The medical school he attended required a proctor. Some one to vouch for ones character. A person to oversee the progress and provide a little encouragement to each student. Dr. Lowe’s proctor was George Washington Hull.  Hull was probably born in Ohio  in 1820 and graduated from the Cincinnati Eclectic Medical College in 1861. He practiced medicine in Renick’s Mill up river from Lexington Missouri. He was evidently run out of Renick’s Mill, because he was a Union sympathizer. A lot of the state of Missouri was inhabited by slavers and confederate sympathizers. After a period of time in Indiana, G. W. Hull shows up in Labette County, Kansas, which is where Dr. Tilghman A. Howard Lowe’s parents lived. So probably Tilghman met Hull and found a way to get a little help getting into The Eclectic Medical College of Cincinnati, Ohio,

The Eclectic Medical College is where Tilghman's story gets real interesting. I’ll write about that a little later when I get it all straight.

Dr. Tilghman A. Howard Lowe graduates in 1883 and returns to Kansas, McPherson Kansas to be exact. The Eclectic College lists him as practicing in two locations, McPherson and Sherman City,  Kansas. It would have been a long drive between patients, particularly by horse and buggy.

The question about whether he was service minded or after the money may be answered in part by the fact that he charged his mother, his brother, and brother-in-law for medical treatments while living in McPherson Kansas. 

Monday, January 13, 2014



Maybe culprit is the wrong word. 

Me culpa , “accepting the guilt” was the position I was coming from.  My dictionary provides mostly definitions that carry hints of criminality or misdeeds for the word culprit. I mean that Tilghman was the person who supposedly started the project. He is the culpable human that must take responsibility for starting something which seemed to consume a lot of the time available to his wife and also the time of Alcanoan Grigsby. 

Who knows, there may have been a lot of others involved in some way or other, which we have no way at present of knowing about.
I know that it has consumed a lot of my hours over the last year and a half. My time is explainable as perchance, a bit  of obsessive behavior, which I prefer to call following a line of coincidences. 

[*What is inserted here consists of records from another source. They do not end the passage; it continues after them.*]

(* Let $C\in\mathbb{R}^{n\times n}$ be symmetric, $\rho>0$, and let $(\tilde\sigma^k,\sigma^k,y^k)$ be generated by the ADMM-BM algorithm described in the context, with Assumption A holding. Then for all $k\ge2$, $L_\rho(\tilde\sigma^k,\sigma^k,y^k)\ge -n\|C\|_\infty$.
   Context: $\langle A,B\rangle=\mathrm{Tr}(A^\top B)$, $\|\cdot\|_F$ Frobenius norm, $\|C\|_\infty=\max_i\sum_j|C_{ij}|$. For $\sigma\in\mathbb{R}^{n\times r}$, $\sigma_i$ is its $i$-th row; $\mathcal{M}=\{\sigma\in\mathbb{R}^{n\times r}:\|\sigma_i\|=1\ \forall i\}$. ADMM-BM with parameter $\rho$: choose $\tilde\sigma^0\in\mathcal{M}$, $\sigma^0=\tilde\sigma^0$, $y^0=C\tilde\sigma^0$. For $k=0,1,\dots$: $\gamma^k=\sigma^k-\frac1\rho(y^k+C\sigma^k)$ with rows $\gamma_i^k$; $\tilde\sigma^{k+1}_i=\gamma_i^k/\|\gamma_i^k\|$; $\sigma^{k+1}=\tilde\sigma^{k+1}+\frac1\rho(y^k-C\tilde\sigma^{k+1})$; $y^{k+1}=y^k+\rho(\tilde\sigma^{k+1}-\sigma^{k+1})$. Assumption A: $\gamma_i^k\neq0$ for all $i,k$. $L_\rho(\tilde\sigma,\sigma,y)=\langle C,\tilde\sigma\sigma^\top\rangle+\langle y,\tilde\sigma-\sigma\rangle+\frac\rho2\|\tilde\sigma-\sigma\|_F^2+\sum_i\mathcal{I}_{\{\|u\|=1\}}(\tilde\sigma_i)$, $\mathcal{I}_S$ the indicator function of $S$. *)

theory Defs
  imports "HOL-Analysis.Analysis"
begin

text \<open>Matrices in R^{n x r} are represented as real^'r^'n (row i is s $ i).\<close>

definition frob_inner :: "real^'c^'m \<Rightarrow> real^'c^'m \<Rightarrow> real" where
  "frob_inner A B = (\<Sum>i\<in>UNIV. \<Sum>j\<in>UNIV. A $ i $ j * B $ i $ j)"

definition frob_norm :: "real^'c^'m \<Rightarrow> real" where
  "frob_norm A = sqrt (frob_inner A A)"

definition inf_norm :: "real^'n^'m \<Rightarrow> real" where
  "inf_norm C = Max (range (\<lambda>i. \<Sum>j\<in>UNIV. \<bar>C $ i $ j\<bar>))"

definition sphere_rows :: "(real^'r^'n) set" where
  "sphere_rows = {s. \<forall>i. norm (s $ i) = 1}"

definition L_rho :: "real \<Rightarrow> real^'n^'n \<Rightarrow> real^'r^'n \<Rightarrow> real^'r^'n \<Rightarrow> real^'r^'n \<Rightarrow> ereal" where
  "L_rho \<rho> C st s y =
     (if st \<in> sphere_rows then
        ereal (frob_inner C (st ** transpose s) + frob_inner y (st - s)
               + \<rho> / 2 * (frob_norm (st - s))\<^sup>2)
      else \<infinity>)"

end

theory Submission
  imports Defs
begin

text \<open>The multiplier update forces \<open>y\<^sup>k = C \<sigma>\<^sup>k\<close> (writing \<open>\<sigma>\<close> for the
  normalised iterate), already at \<open>k = 0\<close> by the choice of \<open>y\<^sup>0\<close>.
  With this multiplier the bilinear and multiplier terms of \<open>L\<^sub>\<rho>\<close> collapse, by symmetry
  of \<open>C\<close>, to the quadratic form \<open>\<langle>C \<sigma>, \<sigma>\<rangle> = \<Sum>\<^sub>i\<^sub>j C\<^sub>i\<^sub>j \<langle>\<sigma>\<^sub>i, \<sigma>\<^sub>j\<rangle>\<close>. The rows
  of \<open>\<sigma>\<close> are unit vectors, so by Cauchy-Schwarz this is at least
  \<open>-\<Sum>\<^sub>i\<^sub>j |C\<^sub>i\<^sub>j| \<ge> -n \<parallel>C\<parallel>\<^sub>\<infinity>\<close>, and the penalty term is nonnegative.\<close>

lemma frob_inner_eq_inner: "frob_inner A B = inner A B"
  by (simp add: frob_inner_def inner_vec_def)

lemma inner_matrix_mult_transpose:
  fixes C :: "real^'m^'n" and A :: "real^'c^'n" and B :: "real^'c^'m"
  shows "inner C (A ** transpose B) = inner (transpose C ** A) B"
proof -
  have "inner C (A ** transpose B) = (\<Sum>i\<in>UNIV. \<Sum>j\<in>UNIV. \<Sum>l\<in>UNIV. C $ i $ j * A $ i $ l * B $ j $ l)"
    by (simp add: inner_vec_def matrix_matrix_mult_def transpose_def sum_distrib_left mult.assoc)
  also have "\<dots> = (\<Sum>j\<in>UNIV. \<Sum>l\<in>UNIV. \<Sum>i\<in>UNIV. C $ i $ j * A $ i $ l * B $ j $ l)"
    by (subst sum.swap) (rule sum.cong[OF refl], rule sum.swap)
  also have "\<dots> = inner (transpose C ** A) B"
    by (simp add: inner_vec_def matrix_matrix_mult_def transpose_def sum_distrib_right)
  finally show ?thesis .
qed

lemma inner_matrix_mult_self:
  fixes C :: "real^'n^'n" and S :: "real^'r^'n"
  shows "inner (C ** S) S = (\<Sum>i\<in>UNIV. \<Sum>j\<in>UNIV. C $ i $ j * inner (S $ i) (S $ j))"
proof -
  have "inner (C ** S) S = (\<Sum>i\<in>UNIV. \<Sum>l\<in>UNIV. \<Sum>j\<in>UNIV. C $ i $ j * (S $ i $ l * S $ j $ l))"
    by (simp add: inner_vec_def matrix_matrix_mult_def sum_distrib_left ac_simps)
  also have "\<dots> = (\<Sum>i\<in>UNIV. \<Sum>j\<in>UNIV. C $ i $ j * inner (S $ i) (S $ j))"
    by (rule sum.cong[OF refl], subst sum.swap) (simp add: inner_vec_def sum_distrib_left)
  finally show ?thesis .
qed

lemma abs_quadratic_form_le:
  fixes C :: "real^'n^'n" and S :: "real^'r^'n"
  assumes "\<And>i. norm (S $ i) \<le> 1"
  shows "\<bar>\<Sum>i\<in>UNIV. \<Sum>j\<in>UNIV. C $ i $ j * inner (S $ i) (S $ j)\<bar>
         \<le> (\<Sum>i\<in>UNIV. \<Sum>j\<in>UNIV. \<bar>C $ i $ j\<bar>)"
proof -
  have entry_le: "\<bar>C $ i $ j * inner (S $ i) (S $ j)\<bar> \<le> \<bar>C $ i $ j\<bar>" for i j
  proof -
    have "\<bar>inner (S $ i) (S $ j)\<bar> \<le> norm (S $ i) * norm (S $ j)"
      by (rule Cauchy_Schwarz_ineq2)
    also have "\<dots> \<le> 1"
      using assms by (simp add: mult_le_one)
    finally show ?thesis
      by (simp add: abs_mult mult_left_le)
  qed
  have "\<bar>\<Sum>i\<in>UNIV. \<Sum>j\<in>UNIV. C $ i $ j * inner (S $ i) (S $ j)\<bar>
        \<le> (\<Sum>i\<in>UNIV. \<Sum>j\<in>UNIV. \<bar>C $ i $ j * inner (S $ i) (S $ j)\<bar>)"
    by (rule order_trans[OF sum_abs sum_mono[OF sum_abs]])
  also have "\<dots> \<le> (\<Sum>i\<in>UNIV. \<Sum>j\<in>UNIV. \<bar>C $ i $ j\<bar>)"
    by (intro sum_mono entry_le)
  finally show ?thesis .
qed

lemma sum_abs_entries_le_inf_norm:
  fixes C :: "real^'n^'m"
  shows "(\<Sum>i\<in>UNIV. \<Sum>j\<in>UNIV. \<bar>C $ i $ j\<bar>) \<le> real CARD('m) * inf_norm C"
proof -
  have "(\<Sum>j\<in>UNIV. \<bar>C $ i $ j\<bar>) \<le> inf_norm C" for i
    unfolding inf_norm_def by (rule Max_ge) auto
  then have "(\<Sum>i\<in>UNIV. \<Sum>j\<in>UNIV. \<bar>C $ i $ j\<bar>) \<le> (\<Sum>i\<in>(UNIV :: 'm set). inf_norm C)"
    by (rule sum_mono)
  then show ?thesis
    by simp
qed

lemma coupling_terms_eq_quadratic_form:
  fixes C :: "real^'n^'n" and S T :: "real^'r^'n"
  assumes "transpose C = C"
  shows "frob_inner C (S ** transpose T) + frob_inner (C ** S) (S - T) = inner (C ** S) S"
  using assms by (simp add: frob_inner_eq_inner inner_matrix_mult_transpose inner_diff_right)

lemma L_rho_at_dual_ge:
  fixes C :: "real^'n^'n" and S T :: "real^'r^'n"
  assumes "transpose C = C" and "\<rho> \<ge> 0" and "S \<in> sphere_rows"
  shows "L_rho \<rho> C S T (C ** S) \<ge> ereal (- real CARD('n) * inf_norm C)"
proof -
  have unit_rows: "norm (S $ i) \<le> 1" for i
    using assms(3) by (simp add: sphere_rows_def)
  have "- real CARD('n) * inf_norm C \<le> inner (C ** S) S"
    using abs_quadratic_form_le[OF unit_rows, of C] sum_abs_entries_le_inf_norm[of C]
    by (simp add: inner_matrix_mult_self)
  moreover have "0 \<le> \<rho> / 2 * (frob_norm (S - T))\<^sup>2"
    using assms(2) by simp
  ultimately show ?thesis
    using assms(3) coupling_terms_eq_quadratic_form[OF assms(1), of S T]
    by (simp add: L_rho_def)
qed

lemma admm_dual_eq:
  fixes C :: "real^'n^'n" and st s y :: "nat \<Rightarrow> real^'r^'n"
  assumes "\<rho> \<noteq> 0"
    and "y 0 = C ** st 0"
    and "\<And>k. s (Suc k) = st (Suc k) + (1/\<rho>) *\<^sub>R (y k - C ** st (Suc k))"
    and "\<And>k. y (Suc k) = y k + \<rho> *\<^sub>R (st (Suc k) - s (Suc k))"
  shows "y k = C ** st k"
proof (cases k)
  case 0
  then show ?thesis using assms(2) by simp
next
  case (Suc m)
  have "y (Suc m) = y m - \<rho> *\<^sub>R ((1/\<rho>) *\<^sub>R (y m - C ** st (Suc m)))"
    by (simp add: assms(3,4))
  then show ?thesis
    using Suc assms(1) by simp
qed

lemma admm_primal_in_sphere_rows:
  fixes st \<gamma> :: "nat \<Rightarrow> real^'r^'n"
  assumes "st 0 \<in> sphere_rows"
    and "\<And>k i. st (Suc k) $ i = (1 / norm (\<gamma> k $ i)) *\<^sub>R (\<gamma> k $ i)"
    and "\<And>k i. \<gamma> k $ i \<noteq> 0"
  shows "st k \<in> sphere_rows"
  using assms by (cases k) (simp_all add: sphere_rows_def)

theorem lemma4:
  fixes C :: "real^'n^'n" and \<rho> :: real
    and st s y :: "nat \<Rightarrow> real^'r^'n"
    and \<gamma> :: "nat \<Rightarrow> real^'r^'n"
  assumes symC: "transpose C = C"
    and rho_pos: "\<rho> > 0"
    and init_M: "st 0 \<in> sphere_rows"
    and init_s: "s 0 = st 0"
    and init_y: "y 0 = C ** st 0"
    and gamma_def: "\<And>k. \<gamma> k = s k - (1/\<rho>) *\<^sub>R (y k + C ** s k)"
    and st_step: "\<And>k i. st (Suc k) $ i = (1 / norm (\<gamma> k $ i)) *\<^sub>R (\<gamma> k $ i)"
    and s_step: "\<And>k. s (Suc k) = st (Suc k) + (1/\<rho>) *\<^sub>R (y k - C ** st (Suc k))"
    and y_step: "\<And>k. y (Suc k) = y k + \<rho> *\<^sub>R (st (Suc k) - s (Suc k))"
    and assumpA: "\<And>k i. \<gamma> k $ i \<noteq> 0"
    and k2: "k \<ge> 2"
  shows "L_rho \<rho> C (st k) (s k) (y k) \<ge> ereal (- real CARD('n) * inf_norm C)"
proof -
  have dual: "y k = C ** st k"
    using rho_pos by (intro admm_dual_eq[OF _ init_y s_step y_step]) simp
  have primal: "st k \<in> sphere_rows"
    using init_M st_step assumpA by (rule admm_primal_in_sphere_rows)
  show ?thesis
    unfolding dual using rho_pos by (intro L_rho_at_dual_ge[OF symC _ primal]) simp
qed

end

The slight change in perspective which has appeared in my life,  in retrospect, seems almost inevitable, but it required a catalyst . The persons I’ve run up against, through out my life include several who could have been that catalyst, but for some reason it took a 114 year old book. 
Some have said the book is a very good read, I hate that type of talk. A good read can be equated with finally taking a long awaited “good elimination of water”.

The reality is that it is an intriguing book, it is something which I appreciated spending time reading. I also reveled in researching the who, what for, and where ever of its appearance. It’s pages  carry adventure. It’s pages carry and lay out succinctly, IDEAS worth PONDERING. I am also of the opinion that there are at least two levels at which one may read the book.

I am positive that Dr. Tilgman A. Howard Lowe started putting the book together.